Предварительно: LLM-агенты, Function Calling & Tool Use

Зачем это нужно¶

Agent workflows -- переход от разовых LLM-вызовов к полноценным процессным движкам. По данным Gartner, интерес к multi-agent системам вырос на 1445% с Q1 2024 по Q2 2025. К 2026 году 40% enterprise-приложений используют task-specific агентов (против <5% в 2025). Средний customer support agent снижает время ответа на 60%, а ChatDev-подобные multi-agent системы повышают точность кода на 67%. При этом стоимость одной multi-agent research-сессии составляет $0.10--$1.00 -- на порядки дешевле человеческого аналитика.

Ключевые концепции¶

Agent Workflow -- определение¶

An agent workflow is not "a chatbot." It's a workflow engine where LLMs decide the next step, use tools safely, and produce auditable outcomes.

2025-2026 Shift: cool demos -> operational software. 40% enterprise applications feature task-specific agents (vs <5% in 2025).

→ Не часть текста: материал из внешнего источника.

lemma row_map_image: "row_map ` residue_box l = column_solutions"
proof (intro equalityI subsetI)
  fix z assume "z \<in> row_map ` residue_box l"
  then obtain y where z: "z = row_map y"
    by blast
  have "(\<Sum>k\<in>UNIV. z k * R j $ k) mod l = (\<Sum>k\<in>UNIV. (\<Sum>i\<in>UNIV. y i * R i $ k) * R j $ k) mod l" for j
    unfolding z row_map_def vec_mod_def by (rule sum_mod_mult_mod)
  then have "l dvd (\<Sum>k\<in>UNIV. z k * R j $ k)" for j
    by (simp add: frame_coefficients dvd_eq_mod_eq_0)
  moreover have "z \<in> residue_box l"
    unfolding z row_map_def by (rule vec_mod_in_residue_box[OF l_pos])
  ultimately show "z \<in> column_solutions"
    by (simp add: column_solutions_def)
next
  fix z assume z: "z \<in> column_solutions"
  define y where "y i = (\<Sum>m\<in>UNIV. z m * R i $ m) div l" for i
  have "l * y i = (\<Sum>m\<in>UNIV. z m * R i $ m)" for i
    using z by (simp add: column_solutions_def y_def)
  then have "l * (\<Sum>i\<in>UNIV. y i * R i $ k) = l * z k" for k
    by (simp add: sum_distrib_left mult.assoc[symmetric] frame_expansion)
  then have "(\<Sum>i\<in>UNIV. y i * R i $ k) = z k" for k
    using l_pos by simp
  then have "row_map (vec_mod l y) = z"
    using z by (subst row_map_vec_mod) (simp add: row_map_def column_solutions_def vec_mod_residue_box)
  then show "z \<in> row_map ` residue_box l"
    using vec_mod_in_residue_box[OF l_pos] by blast
qed

lemma card_column_solutions_mult_card_row_solutions: "card column_solutions * card row_solutions = nat l ^ 4"
proof -
  have "card (residue_box l :: (4 \<Rightarrow> int) set)
      = card (row_map ` residue_box l) * card {y \<in> residue_box l. row_map y = row_map 0}"
  proof (rule card_eq_card_image_mult_card_kernel)
    fix y h :: "4 \<Rightarrow> int"
    show "vec_mod l (y + h) \<in> residue_box l" "vec_mod l (y - h) \<in> residue_box l"
      using vec_mod_in_residue_box[OF l_pos] by auto
    have eq: "row_map (vec_mod l (y - h)) = vec_mod l (\<lambda>k. (\<Sum>i\<in>UNIV. y i * R i $ k) - (\<Sum>i\<in>UNIV. h i * R i $ k))"
      by (subst row_map_vec_mod) (simp add: row_map_def sum_subtractf left_diff_distrib)
    show "row_map (vec_mod l (y - h)) = row_map 0 \<longleftrightarrow> row_map y = row_map h"
      unfolding eq by (simp add: row_map_def vec_mod_def fun_eq_iff mod_eq_dvd_iff dvd_eq_mod_eq_0[symmetric])
  qed simp
  moreover have "{y \<in> residue_box l. row_map y = row_map 0} = row_solutions"
    by (auto simp: row_solutions_def row_map_def vec_mod_def fun_eq_iff dvd_eq_mod_eq_0)
  moreover have "card (residue_box l :: (4 \<Rightarrow> int) set) = nat l ^ 4"
    by (simp add: card_residue_box)
  ultimately show ?thesis
    using row_map_image by simp
qed

text \<open>
  \<open>y \<mapsto> y R mod l\<close> maps \<open>(\<int>/l)\<^sup>4\<close> onto the column solutions with the row solutions as kernel,
  and the character sum duality makes both solution sets equally large.
\<close>

lemma card_row_solutions: "card row_solutions = nat l ^ 2"
proof -
  have "card row_solutions ^ 2 = nat l ^ 4"
    using card_column_solutions_mult_card_row_solutions card_row_solutions_eq_card_column_solutions
    by (simp add: power2_eq_square)
  also have "\<dots> = (nat l ^ 2) ^ 2"
    by (simp flip: power_mult)
  finally have "card row_solutions ^ 2 = (nat l ^ 2) ^ 2" .
  then show ?thesis
    by (rule power_eq_imp_eq_base) auto
qed

lemma row_solutions_vec_mod:
  assumes "\<And>k. l dvd (\<Sum>i\<in>UNIV. y i * R i $ k)"
  shows "vec_mod l y \<in> row_solutions"
proof -
  have "(\<Sum>i\<in>UNIV. vec_mod l y i * R i $ k) mod l = 0" for k
    using assms[of k] by (simp add: vec_mod_def sum_mod_mult_mod dvd_eq_mod_eq_0)
  then show ?thesis
    using vec_mod_in_residue_box[OF l_pos] by (simp add: row_solutions_def dvd_eq_mod_eq_0)
qed

lemma row_solutions_add_diff:
  assumes "y \<in> row_solutions" "h \<in> row_solutions"
  shows "vec_mod l (y + h) \<in> row_solutions" "vec_mod l (y - h) \<in> row_solutions"
proof -
  have "l dvd (\<Sum>i\<in>UNIV. y i * R i $ k)" "l dvd (\<Sum>i\<in>UNIV. h i * R i $ k)" for k
    using assms by (simp_all add: row_solutions_def)
  then show "vec_mod l (y + h) \<in> row_solutions" "vec_mod l (y - h) \<in> row_solutions"
    by (auto intro!: row_solutions_vec_mod simp: sum.distrib sum_subtractf distrib_right left_diff_distrib)
qed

Три уровня Agentic Behavior¶

Level	Type	Capability	Example
Level 1	AI Workflow	Output decisions (generate based on prompts)	Q&A, summarization
Level 2	Router Workflow	Task decisions (choose tools/paths)	Triage, routing
Level 3	Autonomous Agent	Process decisions (create new tasks/tools)	Self-improving systems

Agent Stack (7 Layers)¶

graph TD
    L1["Interface Layer<br/>Chat, Email, Voice, Ticketing, Slack/Teams"]
    L2["Orchestration Layer<br/>State Machine / Graph / Workflow Engine"]
    L3["Reasoning + Planning<br/>Task decomposition, routing, role selection"]
    L4["Tools<br/>Function calling, API actions, browser, code execution"]
    L5["Knowledge<br/>RAG (Vector DB + documents), SQL, enterprise search"]
    L6["Memory<br/>Short-term state + Long-term profiles/preferences"]
    L7["Safety + Governance<br/>Policies, permissions, audit logs, redaction, approvals"]
    L8["Observability + Evaluation<br/>Traces, metrics, eval harnesses, regression tests"]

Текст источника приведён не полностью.